Yoga and meditation are good ways to quiet and calm your mind.
Bedtime anxiety is caused by the inability to control intrusive thoughts and quiet the mind.
And yoga for bedtime helps a lot.
Meditation helps you release all the tension and stress from your day and encourages deep sleep.
You can try an app like Headspace to get some guided meditations, or even try sleep hypnosis such as this one
Here are also some yoga poses you can practice at bedtime to help your mind and body relax enough to fall asleep.
Have a night routine
A night routine is so important to keep your mind calm and prevent sleep anxiety.
The brain thrives on routines and planned expectations.
Having a bedtime routine is one of the best things you can do if you have anxiety at bedtime.
First of all, it helps you to wind down.
It sends messages to your brain to relax and start slowing down.
You should test to see which activities to include in your routine.
For me, I find that turning off my phone an hour before bed is very helpful.
This helps because you are bound to encounter disturbing information on social media.
Then there is the blue light that dims and stops melatonin production.
You need that melatonin to sleep faster and to stay asleep.
Then I like to take a nice long bath with some magnesium salts and lavender oil.
Other great relaxing oils you may want to try to include Bergamot, ylang-ylang, vetiver, and frankincense.
These oils calm the mind and alleviate insomnia.
I always brew and drink a calming cup of tea. I swear by my calming teas.
These days I love this Numi sleep time tea.
I also choose from several including chamomile, Peppermint, and certain other blends that I love. Here is a list of best teas for anxiety to try.
I normally read as I lay in bed just before I fall asleep. I sip at one of my anxiety teas as I read a book.
Right now I am reading the Middle Finger Project. Love it!
Find a good book, something light is best.
You can also read a book of positive quotes or good self-help and inspiring books. Sometimes I just want a simple funny novel.
I also practice my mindful affirmations. I love these mindful message affirmation cards. Nothing like going to sleep on a positive note and frame of mind.
Journaling is a great thing to include in your sleep time routine to wind down.
You can just do a brain dump of all thoughts and worries you may have.
Having a worry journal is helpful. When those thoughts start, you whip out your worry journal and dump it all in there.
A worry journal can just be a notebook.
I like to use this pretty notebook for my worries. I write them down, and that gets them out of my mind.
It relieves my mind so I am able to relax.
You may also rehash your day -the good the bad and the ugly.
Put it all in the journal.
This is like sharing with a trusted confidant who listens well and it really eases your mind.
It sort of settles these worries for the night -helps you not to keep thinking about them so you are able to fall asleep.
If journaling freely is hard for you I find that it helps to use prompts.
Then you don’t have to think too hard about what to write.
It gives you a starting point.
Journal prompts for anxiety are great for calming the mind.
They show you the reality in a calm empowering way.
You may also just use any other prompts like these journal prompts to guide your journaling.
Make gratitude a part of the nightly routine.
It is so important to take the time to write about all the good things you have been blessed with.
Just before going to bed write 3 or 4 things you are grateful for.
There is always something to be grateful for.

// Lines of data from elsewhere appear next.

lemma circle_inequality_imp_line_inequality:
  assumes "0 \<le> C" "circle_inequality C"
  shows "line_inequality C"
  unfolding line_inequality_def
proof (intro allI impI)
  fix N :: nat and lam t :: "int \<Rightarrow> real"
  assume N: "N \<ge> 1" and mono: "strict_mono lam" and t: "\<forall>n\<in>{1..int N}. t n \<ge> 0"
  show "line_form N lam t \<le> C * (\<Sum>n\<in>{1..int N}. (t n)^2)"
  proof (cases "N = 1")
    case True
    with assms(1) show ?thesis
      by (simp add: line_form_def)
  next
    case False
    with N have "2 \<le> N"
      by simp
    define \<epsilon> where "\<epsilon> = 1 / (2 * (lam (int N) - lam 1))"
    have "lam 1 < lam (int N)"
      using \<open>2 \<le> N\<close> mono by (simp add: strict_mono_less)
    then have \<epsilon>: "0 < \<epsilon>" "\<epsilon> * (lam (int N) - lam 1) \<le> 1/2"
      by (simp_all add: \<epsilon>_def)
    have "line_form N lam t \<le> pi^2 * circle_form N (\<lambda>m. \<epsilon> * lam (int m)) (\<lambda>m. t (int m))"
      by (rule line_form_le_scaled_circle_form[OF \<open>2 \<le> N\<close> mono t \<epsilon>])
    also have "\<dots> \<le> pi^2 * (C / pi^2 * (\<Sum>m\<in>{1..N}. (t (int m))^2))"
      using assms(2) N t scaled_points(2)[OF mono \<epsilon>]
      unfolding circle_inequality_def by (intro mult_left_mono) auto
    also have "\<dots> = C * (\<Sum>n\<in>{1..int N}. (t n)^2)"
      by (simp add: sum_atLeastAtMost_of_nat)
    finally show ?thesis .
  qed
qed

theorem lemma7:
  fixes C3 :: real
  assumes "C3 > 0"
  shows "(\<forall>(N::nat) (lam::int \<Rightarrow> real) (t::int \<Rightarrow> real).
            N \<ge> 1 \<longrightarrow> strict_mono lam \<longrightarrow> (\<forall>n\<in>{1..int N}. t n \<ge> 0) \<longrightarrow>
            (\<Sum>m\<in>{1..int N}. \<Sum>n\<in>{1..int N} - {m}.
               gapdelta lam m powr (3/2) * gapdelta lam n powr (1/2) * t m * t n
                 / (lam m - lam n)^2)
            \<le> C3 * (\<Sum>n\<in>{1..int N}. (t n)^2))
     \<longleftrightarrow>
     (\<forall>(M::nat) (x::nat \<Rightarrow> real) (\<tau>::nat \<Rightarrow> real).
            M \<ge> 1 \<longrightarrow>
            (\<forall>m\<in>{1..M}. \<forall>n\<in>{1..M}. m \<noteq> n \<longrightarrow> x m - x n \<notin> \<int>) \<longrightarrow>
            (\<forall>m\<in>{1..M}. \<tau> m \<ge> 0) \<longrightarrow>
            (1/3) * (\<Sum>m\<in>{1..M}. (mindist M x m)^2 * (\<tau> m)^2)
            + (\<Sum>m\<in>{1..M}. \<Sum>n\<in>{1..M} - {m}.
                 mindist M x m powr (3/2) * mindist M x n powr (1/2) * \<tau> m * \<tau> n
                   / (sin (pi * (x m - x n)))^2)
            \<le> C3 / pi^2 * (\<Sum>m\<in>{1..M}. (\<tau> m)^2))"
proof -
  have "line_inequality C3 \<longleftrightarrow> circle_inequality C3"
    using assms line_inequality_imp_circle_inequality circle_inequality_imp_line_inequality by auto
  then show ?thesis
    unfolding line_inequality_def circle_inequality_def line_form_def circle_form_def pair_weight_def .
qed

end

Gratitude has been found to bring about a happier and more content life and if you are content you’re likely to feel relaxed and worry less.
You tend to feel and believe things will work out for good eventually.
Plan your day.
Planning your day before trying to go to sleep helps take off from your mind some of the worries.
It helps you feel in control.
On the days I have done this I feel much at ease and sleep better.
So I try to include planning in my sleep routine.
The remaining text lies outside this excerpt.